Whale watching in New Zealand is predominantly centered around the areas of Kaikōura and the Hauraki Gulf. Known as the 'whale capital', Kaikōura is a world-famous whale watching site, in particular for sperm whales which is currently the most abundant of large whales in New Zealand waters. The Hauraki Gulf Marine Park (just outside Auckland city) is also a significant whale watching area with a resident population of Bryde's Whales commonly viewed alongside other cetaceans Common Dolphins, Bottlenose Dolphins and Orca.  Whale watching is also offered in other locations, often as eco-tours and in conjunction with dolphin watching. Land-based whale watching from New Zealand's last whaling station, which closed in 1964, is undertaken for scientific purposes, mostly by ex-whalers. Some compilations of sighting footages are available on YouTube.

Background
Many places that were formerly whaling stations went into recession after the collapse of the whaling industry; New Zealand stopped whaling in 1964. Whaling did not stop due to environmental or ethical concerns but because the declining number of whales made the industry uneconomic. Whilst New Zealand protected right whales in 1935, it was not until 1978 that all marine mammals were protected by law. Kaikōura's recent development has been used to advocate the benefits of whale watching over whale hunting and other whale-watching operators such as Auckland Whale & Dolphin Safari have successfully combined scientific research and conservation efforts alongside their commercial offering.  Due to illegal whaling by Soviet Union (with help of Japan) in the 1970s, recovery state of baleen whales migrating to New Zealand coasts were heavily slowed down, far worse than in Australian waters, and this contributed to make public images that Kaikōura is the only site for whale watching, and Sperm Whale is the only species can be observed normally. New Zealand is the first nation in the world to protect marine mammals by law.

Hauraki Gulf
Largely regarded as one of the most abundant and diverse marine reserves in the world, the Hauraki Gulf is home to several species of cetaceans, most notably Bryde's whales, Killer whales (Orca), Common Dolphins and Bottlenose Dolphins.  Situated just off the coast of New Zealand's largest city Auckland, the main whale watching operator Auckland Whale & Dolphin Safari departs from the Viaduct Harbour and runs daily trips (weather permitting) into the Hauraki Gulf Marine Park.

Kaikōura
The sea around Kaikōura supports an abundance of sea life, with the town's income stemming largely from the tourism generated from whale watching and swimming with or around dolphins. Recently the sperm whale watching at Kaikōura has developed rapidly and now it is an industry leader; arguably the most developed in the world.

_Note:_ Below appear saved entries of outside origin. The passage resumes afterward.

definition gtrans :: "'a set \<Rightarrow> 'a set list set \<Rightarrow> nat \<Rightarrow> 'a gstate \<Rightarrow> 'a \<Rightarrow> 'a gstate set" where
  "gtrans \<Sigma> G l = (\<lambda>(H, k) \<sigma>. if k < l \<and> \<sigma> \<in> \<Sigma>
     then {q \<in> Qlev \<Sigma> G l (k + 1). Parent q \<sigma> = Some (H, k)} else {})"

lemma NFA_of_gtrans:
  "NFA_of \<Sigma> l G = ((\<Union>i\<in>{0..l}. Qlev \<Sigma> G l i), \<Sigma>, gtrans \<Sigma> G l, Qlev \<Sigma> G l 0, Qlev \<Sigma> G l l)"
  by (simp add: NFA_of_def gtrans_def)

lemma run_compatible:
  assumes "u @ v \<in> lists \<Sigma>" "length u + length v + k = l" "compatible G (u @ v) k \<noteq> {}"
  shows "(compatible G v (k + length u), k + length u)
           \<in> delta_hat (gtrans \<Sigma> G l) (compatible G (u @ v) k, k) u"
  using assms
proof (induction u arbitrary: k)
  case (Cons \<sigma> u)
  then have "k < l" and ne: "compatible G (u @ v) (Suc k) \<noteq> {}"
    by (auto simp: compatible_Cons)
  have "G \<noteq> {}" using Cons.prems(3) compatible_subset by blast
  then have "(compatible G (u @ v) (Suc k), Suc k) \<in> Qlev \<Sigma> G l (Suc k)"
    using Cons.prems ne unfolding Qlev_compatible[OF \<open>G \<noteq> {}\<close>]
    by (intro conjI bexI[of _ "u @ v"]) auto
  then have step: "(compatible G (u @ v) (Suc k), Suc k)
      \<in> gtrans \<Sigma> G l (compatible G ((\<sigma> # u) @ v) k, k) \<sigma>"
    using \<open>k < l\<close> Cons.prems(1) by (simp add: gtrans_def compatible_Cons)
  have "(compatible G v (Suc k + length u), Suc k + length u)
      \<in> delta_hat (gtrans \<Sigma> G l) (compatible G (u @ v) (Suc k), Suc k) u"
    using Cons.IH[of "Suc k"] Cons.prems ne by simp
  with step show ?case by auto
qed simp

lemma accepting_run:
  "delta_hat (gtrans \<Sigma> G l) (H, k) s \<inter> Qlev \<Sigma> G l l \<noteq> {}
     \<Longrightarrow> length s + k = l \<and> H = compatible G s k"
proof (induction s arbitrary: H k)
  case Nil
  then show ?case by (auto simp: Qlev_top)
next
  case (Cons \<sigma> s)
  then obtain H' k' where step: "(H', k') \<in> gtrans \<Sigma> G l (H, k) \<sigma>"
    and rest: "delta_hat (gtrans \<Sigma> G l) (H', k') s \<inter> Qlev \<Sigma> G l l \<noteq> {}"
    by auto
  then have "k' = Suc k" and H: "H = {h \<in> H'. \<sigma> \<in> h ! k}"
    by (auto simp: gtrans_def split: if_splits dest: Qlev_level)
  with Cons.IH[OF rest] show ?case by (simp add: compatible_Cons)
qed

lemma lang_state:
  assumes "G \<noteq> {}" and "(H, k) \<in> Qlev \<Sigma> G l k"
  shows "nfa_lang (NFA_of \<Sigma> l G) (H, k) = {s \<in> lists \<Sigma>. length s + k = l \<and> compatible G s k = H}"
proof (intro set_eqI iffI)
  fix s assume "s \<in> nfa_lang (NFA_of \<Sigma> l G) (H, k)"
  then show "s \<in> {s \<in> lists \<Sigma>. length s + k = l \<and> compatible G s k = H}"
    unfolding NFA_of_gtrans nfa_lang_def using accepting_run by fastforce
next
  fix s assume s: "s \<in> {s \<in> lists \<Sigma>. length s + k = l \<and> compatible G s k = H}"
  moreover have "H \<noteq> {}" using assms by (simp add: Qlev_compatible)
  ultimately have "(G, l) \<in> delta_hat (gtrans \<Sigma> G l) (H, k) s"
    using run_compatible[of s "[]" \<Sigma> k l G] by (simp add: add.commute)
  with s show "s \<in> nfa_lang (NFA_of \<Sigma> l G) (H, k)"
    unfolding NFA_of_gtrans nfa_lang_def by (auto simp: Qlev_top)
qed

text \<open>Every state is accessible: an initial state is reached from a string
  extended by a prefix read off some generalized string in H.\<close>
lemma accessible_state:
  assumes "G \<subseteq> gen_strings \<Sigma> l" and "G \<noteq> {}" and "(H, k) \<in> Qlev \<Sigma> G l k"
  shows "nfa_accessible (NFA_of \<Sigma> l G) (H, k)"
proof -
  obtain s g where s: "s \<in> lists \<Sigma>" "length s + k = l" "compatible G s k = H" and "g \<in> H"
    using assms(2,3) by (auto simp: Qlev_compatible)
  then have "g \<in> gen_strings \<Sigma> l"
    using assms(1) compatible_subset by blast
  then obtain u where u: "u \<in> lists \<Sigma>" "length u = k" "\<forall>j<k. u ! j \<in> g ! j"
    using gen_string_prefix_witness s(2) by (metis le_add2)
  have "g \<in> compatible G (u @ s) 0"
    using \<open>g \<in> H\<close> s(3) u by (simp add: compatible_append)
  then have ne: "compatible G (u @ s) 0 \<noteq> {}" by blast
  have init: "(compatible G (u @ s) 0, 0) \<in> Qlev \<Sigma> G l 0"
    using ne u s unfolding Qlev_compatible[OF assms(2)]
    by (intro conjI bexI[of _ "u @ s"]) auto
  have "(H, k) \<in> delta_hat (gtrans \<Sigma> G l) (compatible G (u @ s) 0, 0) u"
    using run_compatible[of u s \<Sigma> 0 l G] u s ne by simp
  with init u(1) show ?thesis
    unfolding nfa_accessible_def NFA_of_gtrans by auto
qed

lemma lang_state_nonempty:
  assumes "G \<noteq> {}" and "(H, k) \<in> Qlev \<Sigma> G l k"
  shows "nfa_lang (NFA_of \<Sigma> l G) (H, k) \<noteq> {}"
proof -
  obtain s where "s \<in> lists \<Sigma>" "length s + k = l" "compatible G s k = H"
    using assms(2) Qlev_compatible[OF assms(1)] by blast
  then show ?thesis using lang_state[OF assms] by blast
qed

lemma lang_states_disjoint:
  assumes "G \<noteq> {}" and "(H, k) \<in> Qlev \<Sigma> G l k" and "(H', k') \<in> Qlev \<Sigma> G l k'"
    and "(H, k) \<noteq> (H', k')"
  shows "nfa_lang (NFA_of \<Sigma> l G) (H, k) \<inter> nfa_lang (NFA_of \<Sigma> l G) (H', k') = {}"
  using assms(4) lang_state[OF assms(1,2)] lang_state[OF assms(1,3)] by auto

lemma NFA_of_state_cases:
  assumes "q \<in> (\<Union>i\<in>{0..l}. Qlev \<Sigma> G l i)"
  obtains H k where "q = (H, k)" "(H, k) \<in> Qlev \<Sigma> G l k"
  using assms by (cases q) (auto dest: Qlev_level)

lemma simple_nfaI:
  assumes "A = (Q, S, D, Qa, F)"
    and "\<forall>q\<in>Q. nfa_accessible A q" and "\<forall>q\<in>Q. nfa_lang A q \<noteq> {}"
    and "\<forall>p\<in>Q. \<forall>q\<in>Q. p \<noteq> q \<longrightarrow> nfa_lang A p \<inter> nfa_lang A q = {}"
  shows "simple_nfa A"
  using assms by (simp add: simple_nfa_def)

theorem mainTheorem6:
  fixes \<Sigma> :: "'a set" and G :: "'a set list set" and l :: nat
  assumes "finite \<Sigma>"
    and "l \<ge> 1"
    and "G \<subseteq> gen_strings \<Sigma> l"
    and "finite G"
    and "G \<noteq> {}"
  shows "simple_nfa (NFA_of \<Sigma> l G)"
proof (rule simple_nfaI[OF NFA_of_gtrans]; intro ballI impI)
  fix q assume "q \<in> (\<Union>i\<in>{0..l}. Qlev \<Sigma> G l i)"
  then obtain H k where q: "q = (H, k)" "(H, k) \<in> Qlev \<Sigma> G l k"
    by (rule NFA_of_state_cases)
  show "nfa_accessible (NFA_of \<Sigma> l G) q"
    unfolding q(1) by (rule accessible_state[OF assms(3,5) q(2)])
  show "nfa_lang (NFA_of \<Sigma> l G) q \<noteq> {}"
    unfolding q(1) by (rule lang_state_nonempty[OF assms(5) q(2)])
next
  fix p q
  assume "p \<in> (\<Union>i\<in>{0..l}. Qlev \<Sigma> G l i)" "q \<in> (\<Union>i\<in>{0..l}. Qlev \<Sigma> G l i)" "p \<noteq> q"
  moreover obtain H k where "p = (H, k)" "(H, k) \<in> Qlev \<Sigma> G l k"
    using NFA_of_state_cases calculation(1) .
  moreover obtain H' k' where "q = (H', k')" "(H', k') \<in> Qlev \<Sigma> G l k'"
    using NFA_of_state_cases calculation(2) .
  ultimately show "nfa_lang (NFA_of \<Sigma> l G) p \<inter> nfa_lang (NFA_of \<Sigma> l G) q = {}"
    using lang_states_disjoint[OF assms(5)] by simp
qed

end
text \<open>For a circulant \<open>A = Circ n a\<close> one has \<open>(A \<otimes> y)\<^sub>i = max\<^sub>e a\<^sub>e y\<^sub>i\<^sub>+\<^sub>e\<close> and
  \<open>\<lambda>(A) = max\<^sub>t a\<^sub>t = a\<^sub>s\<close>. Dividing by \<open>a\<^sub>s\<close> and rotating the coefficients by \<open>s\<close> gives
  coefficients \<open>b\<close> with \<open>b\<^sub>0 = 1\<close> and \<open>b \<le> 1\<close>, and \<open>A\<^sup>t x\<close> is \<open>a\<^sub>s\<^sup>t\<close> times \<open>b\<^sup>t x\<close> rotated
  by \<open>t s\<close>. The vectors \<open>b\<^sup>t x\<close> increase with \<open>t\<close> and, since cutting a cycle (of weight at
  most 1) out of a walk does not decrease its weight, are constant from \<open>t = n - 1\<close> on, where
  they equal the Kleene star \<open>F = b\<^sup>* \<otimes> x\<close>. Hence \<open>x \<in> Attr(A)\<close> iff \<open>F\<close> is invariant under
  rotation by \<open>s\<close>. This condition passes to larger normalized coefficients and to limits. If
  \<open>s\<close> maximizes the coefficients of a member \<open>A\<close> of the interval family, the normalized
  coefficients of the vertex matrix \<open>Ak n lo hi s\<close> lie below those of \<open>A\<close>; conversely every
  vertex matrix is a limit of members of the family.\<close>

section \<open>Maxima over finite sets\<close>

lemma ex_argmax_lessThan:
  fixes f :: "nat \<Rightarrow> 'a::linorder"
  assumes "0 < n"
  obtains s where "s < n" "\<forall>t<n. f t \<le> f s"
proof -
  have "Max (f ` {..<n}) \<in> f ` {..<n}" using assms by (intro Max_in) auto
  then obtain s where "s < n" "f s = Max (f ` {..<n})" by auto
  then show ?thesis by (intro that) auto
qed

lemma Max_image_swap:
  fixes g :: "'a \<Rightarrow> 'b \<Rightarrow> 'c::linorder"
  assumes "finite A" "A \<noteq> {}" "finite B" "B \<noteq> {}"
  shows "Max ((\<lambda>a. Max (g a ` B)) ` A) = Max ((\<lambda>b. Max ((\<lambda>a. g a b) ` A)) ` B)"
proof -
  have "Max ((\<lambda>a. Max (g a ` B)) ` A) \<le> z \<longleftrightarrow> (\<forall>a\<in>A. \<forall>b\<in>B. g a b \<le> z)"
    and "Max ((\<lambda>b. Max ((\<lambda>a. g a b) ` A)) ` B) \<le> z \<longleftrightarrow> (\<forall>a\<in>A. \<forall>b\<in>B. g a b \<le> z)" for z
    using assms by auto
  then show ?thesis by (meson order.antisym order.refl)
qed
theorem mainTheorem4:
  shows "(fps_X * (fps_X\<^sup>2 + 11 * fps_X - 1)
         + (4 * fps_X^3 + 25 * fps_X\<^sup>2 - 14 * fps_X + 1) * g_fps
         + fps_X * (6 * fps_X\<^sup>2 + 17 * fps_X + 3) * g_fps\<^sup>2
         + fps_X\<^sup>2 * (4 * fps_X + 3) * g_fps^3
         + fps_X^3 * g_fps^4 = 0)
    \<and> ((\<lambda>n. g_coeff n * (27/256)^n) sums (5/27))"
    (is "?Q = 0 \<and> ?sums")
proof
  obtain T :: "real fps" where T0: "T $ 0 = 1" and T_eq: "T = 1 + fps_X * T ^ 4"
    using fps_fixpoint_X_mult_power_exists by blast
  show "?Q = 0"
    unfolding g_fps_eq_quartic_tree_series[OF T0 T_eq]
    by (rule quartic_tree_series_algebraic[OF T0 T_eq])
  then have "eval_fps ?Q (27/256) = 0"
    by (simp only: eval_fps_0)
  moreover have "eval_fps g_fps (27/256) \<ge> 0"
    unfolding eval_fps_def
    using fps_abs_summable_at_summable[OF fps_abs_summable_at_g_fps]
    by (rule suminf_nonneg) (simp add: g_fps_def g_coeff_def)
  ultimately have eval_g: "eval_fps g_fps (27/256) = 5/27"
    using fps_abs_summable_at_g_fps
    by (intro quartic_at_27_256_nonneg_root) (simp_all add: eval_fps_add_abs_summable
        eval_fps_diff_abs_summable eval_fps_mult_abs_summable eval_fps_power_abs_summable)
  have "(\<lambda>n. g_fps $ n * (27/256) ^ n) sums eval_fps g_fps (27/256)"
    unfolding eval_fps_def
    by (rule summable_sums[OF fps_abs_summable_at_summable[OF fps_abs_summable_at_g_fps]])
  then show ?sums
    unfolding eval_g by (simp add: g_fps_def)
qed

end
lemma first_triangle_beyond_tail: "e \<in> first_triangle \<Longrightarrow> \<not> e \<subseteq> {..L}"
  by (auto simp: first_triangle_def)

lemma first_triangle_meet: "e \<in> first_triangle \<Longrightarrow> f \<in> first_triangle \<Longrightarrow> e \<inter> f \<noteq> {}"
  unfolding first_triangle_def by (elim insertE emptyE) (simp_all add: Int_insert_left)

(* A path to L + 1 uses {L, L + 1} or both other edges of the triangle, and symmetrically
   for L + 1 + T. *)
lemma first_triangle_on_paths:
  assumes py: "is_path V E py 0 (L + 1)" and pz: "is_path V E pz 0 (L + 1 + T)"
  shows "2 \<le> card (first_triangle \<inter> (set (path_edges py) \<union> set (path_edges pz)))"
proof -
  define A B C where "A = {L, L + 1}" and "B = {L, L + 1 + T}" and "C = {L + 1, L + 1 + T}"
  define U where "U = set (path_edges py) \<union> set (path_edges pz)"
  have two: "2 \<le> card (first_triangle \<inter> U)"
    if "X \<in> {A, B, C}" "Y \<in> {A, B, C}" "X \<noteq> Y" "X \<in> U" "Y \<in> U" for X Y
  proof -
    have "card {X, Y} \<le> card (first_triangle \<inter> U)"
      using that by (intro card_mono) (auto simp: first_triangle_def A_def B_def C_def)
    with \<open>X \<noteq> Y\<close> show ?thesis by simp
  qed
  have "A \<in> set (path_edges py) \<or> B \<in> set (path_edges py)"
    using spoke_on_path_to_blade[OF py, of "L + 1"] one_le_T by (simp add: A_def B_def)
  moreover have "A \<in> set (path_edges py) \<or> C \<in> set (path_edges py)"
    using last_edge_on_path_to_blade[OF py, of "L + 1"] one_le_T by (simp add: A_def C_def)
  moreover have "A \<in> set (path_edges pz) \<or> B \<in> set (path_edges pz)"
    using spoke_on_path_to_blade[OF pz, of "L + 1"] one_le_T by (simp add: A_def B_def)
  moreover have "B \<in> set (path_edges pz) \<or> C \<in> set (path_edges pz)"
    using last_edge_on_path_to_blade[OF pz, of "L + 1"] one_le_T by (simp add: B_def C_def)
  ultimately consider "A \<in> U" "B \<in> U" | "A \<in> U" "C \<in> U" | "B \<in> U" "C \<in> U"
    unfolding U_def by blast
  moreover have "A \<noteq> B" "A \<noteq> C" "B \<noteq> C"
    using one_le_T by (auto simp: A_def B_def C_def doubleton_eq_iff)
  ultimately show ?thesis
    unfolding U_def[symmetric] using two[of A B] two[of A C] two[of B C] by cases simp_all
qed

The dominant organisation in Kaikōura's whale watching industry is Whale Watch Kaikōura, which is run as a charitable organisation. It takes around 100,000 visitors out by boat per annum, and has an annual turnover of NZ$10m. Whale Watch Kaikōura began operating in 1987 with a  boat. Whale watching is also done by air, and the Kaikoura Aerodrome is mainly used for whale spotting tourist flights by Wings over Whales and Air Kaikoura – Kaikoura Aero Club.

Tory Channel
New Zealand's last whaling station was in Whekenui Bay in Tory Channel in the Marlborough Sounds. The high cliffs at the entrance of Tory Channel are ideal for land-based whale watching. During the migratory season for whales, the lookout is manned and whales passing Cook Strait are watched for research purposes. Most of the volunteers undertaking the work are ex-whalers. It is also the location where the first Southern right whale on main islands sighted since the end of whaling. Cetaceans can be seen in Waikawa, Picton, French Pass, and in Abel Tasman National Park as well.

Other locations

Whale watching, in conjunction with dolphin watching, is already offered in the Bay of Islands and Moutohora Island (also known as Whale Island) in the Bay of Plenty.

Future developments
Other locations (or anywhere else) in the nation, such as at bays on Aupouri Peninsula, Rangaunu Harbour, Whangarei Harbour, Firth of Thames, Tamaki Bight, eastern Coromandel Peninsula, Mount Maunganui, Hawke's Bay, Castlepoint, vicinity to Wellington, South Taranaki Bight, New Plymouth, Kapiti Island, Golden Bay, Hokitika, Banks Peninsula, Moeraki and Karitane, Otago Peninsula, Taieri Mouth, Nugget Point, The Catlins, Port Craig in Te Waewae Bay, Fiordland, Paterson Inlet, Chatham and Kermadec Islands may possibly become watching locations in the future when numbers of whales migrating into coastal waters show recovery. Sighting numbers of Southern rights, Humpbacks, Blues are showing strong increases in recent years.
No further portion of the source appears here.